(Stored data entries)
++++++++++++++++++++

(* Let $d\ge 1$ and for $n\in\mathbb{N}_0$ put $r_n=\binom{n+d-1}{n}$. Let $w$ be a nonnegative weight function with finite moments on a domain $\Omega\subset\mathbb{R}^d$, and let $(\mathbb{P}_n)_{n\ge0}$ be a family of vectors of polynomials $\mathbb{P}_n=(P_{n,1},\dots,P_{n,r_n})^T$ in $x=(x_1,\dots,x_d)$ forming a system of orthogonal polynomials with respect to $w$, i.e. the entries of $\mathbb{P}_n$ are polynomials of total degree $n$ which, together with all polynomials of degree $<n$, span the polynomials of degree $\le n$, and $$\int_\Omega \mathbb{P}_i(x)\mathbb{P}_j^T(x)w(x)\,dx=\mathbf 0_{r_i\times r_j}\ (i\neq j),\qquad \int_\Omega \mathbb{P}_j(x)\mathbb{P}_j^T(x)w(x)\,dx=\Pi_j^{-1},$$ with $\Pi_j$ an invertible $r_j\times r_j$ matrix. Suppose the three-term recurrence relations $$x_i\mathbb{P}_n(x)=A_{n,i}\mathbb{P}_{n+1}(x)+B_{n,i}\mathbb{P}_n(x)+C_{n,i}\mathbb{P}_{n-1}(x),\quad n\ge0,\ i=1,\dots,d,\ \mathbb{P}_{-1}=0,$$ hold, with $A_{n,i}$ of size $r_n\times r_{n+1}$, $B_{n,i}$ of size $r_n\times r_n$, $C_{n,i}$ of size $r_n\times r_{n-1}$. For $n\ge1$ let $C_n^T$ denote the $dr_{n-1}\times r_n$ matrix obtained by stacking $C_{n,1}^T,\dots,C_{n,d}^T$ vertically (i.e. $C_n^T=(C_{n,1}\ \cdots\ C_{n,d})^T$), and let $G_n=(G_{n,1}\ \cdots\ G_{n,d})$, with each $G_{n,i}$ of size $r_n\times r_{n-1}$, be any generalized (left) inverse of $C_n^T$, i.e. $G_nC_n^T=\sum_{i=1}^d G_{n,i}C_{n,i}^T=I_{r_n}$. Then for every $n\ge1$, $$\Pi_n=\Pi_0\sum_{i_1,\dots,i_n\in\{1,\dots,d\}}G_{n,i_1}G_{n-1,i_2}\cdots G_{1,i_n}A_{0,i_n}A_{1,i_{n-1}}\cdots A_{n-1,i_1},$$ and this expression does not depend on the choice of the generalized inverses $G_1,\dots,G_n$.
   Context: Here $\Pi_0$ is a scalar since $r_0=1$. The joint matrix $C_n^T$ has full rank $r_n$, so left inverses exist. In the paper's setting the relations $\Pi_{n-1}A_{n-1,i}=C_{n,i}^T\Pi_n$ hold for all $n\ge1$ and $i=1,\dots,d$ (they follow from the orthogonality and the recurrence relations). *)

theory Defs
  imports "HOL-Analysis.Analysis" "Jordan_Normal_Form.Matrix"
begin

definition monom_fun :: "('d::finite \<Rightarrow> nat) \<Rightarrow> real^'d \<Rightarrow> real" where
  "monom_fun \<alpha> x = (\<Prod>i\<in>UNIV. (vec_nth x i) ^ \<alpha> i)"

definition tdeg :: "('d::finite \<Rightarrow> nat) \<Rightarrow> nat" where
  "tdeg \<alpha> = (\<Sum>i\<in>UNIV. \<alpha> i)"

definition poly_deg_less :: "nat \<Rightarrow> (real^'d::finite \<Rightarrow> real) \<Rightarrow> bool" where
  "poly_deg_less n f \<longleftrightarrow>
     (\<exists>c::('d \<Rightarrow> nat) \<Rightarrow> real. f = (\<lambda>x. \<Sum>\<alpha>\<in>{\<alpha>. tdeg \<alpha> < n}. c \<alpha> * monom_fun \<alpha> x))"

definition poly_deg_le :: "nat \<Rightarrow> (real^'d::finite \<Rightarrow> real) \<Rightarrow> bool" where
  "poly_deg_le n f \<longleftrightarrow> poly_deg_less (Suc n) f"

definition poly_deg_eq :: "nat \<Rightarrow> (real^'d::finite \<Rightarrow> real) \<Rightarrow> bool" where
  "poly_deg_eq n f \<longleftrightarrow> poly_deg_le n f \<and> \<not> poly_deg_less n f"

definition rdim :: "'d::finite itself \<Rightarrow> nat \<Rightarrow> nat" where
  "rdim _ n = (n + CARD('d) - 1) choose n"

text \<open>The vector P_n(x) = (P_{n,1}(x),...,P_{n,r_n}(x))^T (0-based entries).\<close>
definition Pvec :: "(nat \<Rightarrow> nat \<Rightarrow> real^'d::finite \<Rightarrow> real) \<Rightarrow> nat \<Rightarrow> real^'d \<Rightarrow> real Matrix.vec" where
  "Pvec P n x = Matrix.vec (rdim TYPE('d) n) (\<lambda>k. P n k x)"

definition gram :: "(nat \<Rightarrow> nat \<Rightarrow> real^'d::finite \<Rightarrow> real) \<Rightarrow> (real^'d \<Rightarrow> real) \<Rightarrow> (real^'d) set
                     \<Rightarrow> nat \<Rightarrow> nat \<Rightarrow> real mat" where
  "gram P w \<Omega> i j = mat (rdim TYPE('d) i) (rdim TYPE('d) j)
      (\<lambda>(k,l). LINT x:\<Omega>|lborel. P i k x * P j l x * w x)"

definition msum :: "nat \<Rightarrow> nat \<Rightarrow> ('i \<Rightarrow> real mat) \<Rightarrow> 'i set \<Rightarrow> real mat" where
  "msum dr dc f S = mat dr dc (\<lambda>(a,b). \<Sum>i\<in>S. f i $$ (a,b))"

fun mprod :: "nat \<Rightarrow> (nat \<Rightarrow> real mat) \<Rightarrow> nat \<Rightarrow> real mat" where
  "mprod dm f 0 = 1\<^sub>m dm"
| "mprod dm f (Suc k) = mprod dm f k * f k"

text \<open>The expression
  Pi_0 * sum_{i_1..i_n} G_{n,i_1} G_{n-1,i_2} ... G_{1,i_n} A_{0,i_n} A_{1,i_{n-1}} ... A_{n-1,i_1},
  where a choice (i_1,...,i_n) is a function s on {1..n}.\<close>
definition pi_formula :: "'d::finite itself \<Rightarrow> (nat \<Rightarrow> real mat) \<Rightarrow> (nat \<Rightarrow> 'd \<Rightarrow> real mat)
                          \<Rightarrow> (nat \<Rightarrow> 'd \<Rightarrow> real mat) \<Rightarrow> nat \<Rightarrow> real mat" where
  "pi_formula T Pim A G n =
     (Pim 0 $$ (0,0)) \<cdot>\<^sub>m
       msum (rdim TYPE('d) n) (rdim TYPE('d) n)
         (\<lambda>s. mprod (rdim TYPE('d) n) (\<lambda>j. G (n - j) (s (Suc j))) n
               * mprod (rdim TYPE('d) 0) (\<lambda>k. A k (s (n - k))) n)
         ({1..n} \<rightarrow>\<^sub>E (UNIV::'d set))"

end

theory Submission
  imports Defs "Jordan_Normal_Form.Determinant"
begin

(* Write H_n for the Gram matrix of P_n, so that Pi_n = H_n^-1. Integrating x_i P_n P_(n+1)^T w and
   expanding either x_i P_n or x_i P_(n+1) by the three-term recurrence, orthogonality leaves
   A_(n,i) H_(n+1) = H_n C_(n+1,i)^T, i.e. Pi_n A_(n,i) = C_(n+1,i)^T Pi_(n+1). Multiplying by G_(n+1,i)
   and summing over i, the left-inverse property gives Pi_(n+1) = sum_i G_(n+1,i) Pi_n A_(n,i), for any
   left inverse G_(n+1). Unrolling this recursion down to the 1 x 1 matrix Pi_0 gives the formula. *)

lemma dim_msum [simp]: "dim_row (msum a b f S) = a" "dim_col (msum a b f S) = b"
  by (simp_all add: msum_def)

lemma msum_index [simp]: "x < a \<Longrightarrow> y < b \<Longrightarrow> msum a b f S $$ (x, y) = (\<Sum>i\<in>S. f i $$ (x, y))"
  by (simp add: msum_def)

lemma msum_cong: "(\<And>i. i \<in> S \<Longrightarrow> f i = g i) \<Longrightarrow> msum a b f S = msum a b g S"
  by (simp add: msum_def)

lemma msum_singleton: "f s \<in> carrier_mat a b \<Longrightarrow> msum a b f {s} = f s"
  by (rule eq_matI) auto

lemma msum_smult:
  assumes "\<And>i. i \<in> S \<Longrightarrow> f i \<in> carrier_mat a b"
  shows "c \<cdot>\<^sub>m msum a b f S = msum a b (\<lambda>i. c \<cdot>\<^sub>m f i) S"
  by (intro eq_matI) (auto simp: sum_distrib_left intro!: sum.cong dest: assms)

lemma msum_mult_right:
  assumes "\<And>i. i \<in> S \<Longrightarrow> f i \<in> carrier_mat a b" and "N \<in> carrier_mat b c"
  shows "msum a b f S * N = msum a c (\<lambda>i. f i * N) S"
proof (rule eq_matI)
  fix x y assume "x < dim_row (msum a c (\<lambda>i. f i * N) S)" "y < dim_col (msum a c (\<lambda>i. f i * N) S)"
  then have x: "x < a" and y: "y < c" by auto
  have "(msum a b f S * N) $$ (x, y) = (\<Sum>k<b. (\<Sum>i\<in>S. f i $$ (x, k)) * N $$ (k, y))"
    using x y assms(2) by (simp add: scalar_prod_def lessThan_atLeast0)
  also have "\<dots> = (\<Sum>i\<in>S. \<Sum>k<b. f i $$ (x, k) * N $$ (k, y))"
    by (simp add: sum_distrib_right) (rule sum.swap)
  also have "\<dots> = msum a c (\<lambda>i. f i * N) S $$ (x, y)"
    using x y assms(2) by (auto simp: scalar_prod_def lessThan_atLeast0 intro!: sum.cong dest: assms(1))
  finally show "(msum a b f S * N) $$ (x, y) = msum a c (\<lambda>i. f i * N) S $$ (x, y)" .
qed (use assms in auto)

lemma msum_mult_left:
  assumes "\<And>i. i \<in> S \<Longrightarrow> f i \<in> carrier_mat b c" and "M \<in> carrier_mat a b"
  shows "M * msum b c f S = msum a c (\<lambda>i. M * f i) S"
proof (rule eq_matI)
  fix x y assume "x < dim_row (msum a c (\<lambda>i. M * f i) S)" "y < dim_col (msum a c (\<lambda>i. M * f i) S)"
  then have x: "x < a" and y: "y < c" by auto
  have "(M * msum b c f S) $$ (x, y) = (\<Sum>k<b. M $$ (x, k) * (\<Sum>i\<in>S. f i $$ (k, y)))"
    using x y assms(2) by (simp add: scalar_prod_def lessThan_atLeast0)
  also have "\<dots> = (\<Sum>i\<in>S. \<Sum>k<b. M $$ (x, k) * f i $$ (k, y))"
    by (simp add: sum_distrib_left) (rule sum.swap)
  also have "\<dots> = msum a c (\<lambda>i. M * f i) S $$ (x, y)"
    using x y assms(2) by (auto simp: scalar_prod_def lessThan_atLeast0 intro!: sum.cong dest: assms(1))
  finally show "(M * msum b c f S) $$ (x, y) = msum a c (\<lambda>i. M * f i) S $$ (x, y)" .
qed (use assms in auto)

++++++++++++++++++++

* [ABOUT THIS TASK] Your answer must be every line from the entries that contains the string "bool", copied as it stands.

* [WRITTEN REPLY]
definition poly_deg_less :: "nat \<Rightarrow> (real^'d::finite \<Rightarrow> real) \<Rightarrow> bool" where
definition poly_deg_le :: "nat \<Rightarrow> (real^'d::finite \<Rightarrow> real) \<Rightarrow> bool" where
definition poly_deg_eq :: "nat \<Rightarrow> (real^'d::finite \<Rightarrow> real) \<Rightarrow> bool" where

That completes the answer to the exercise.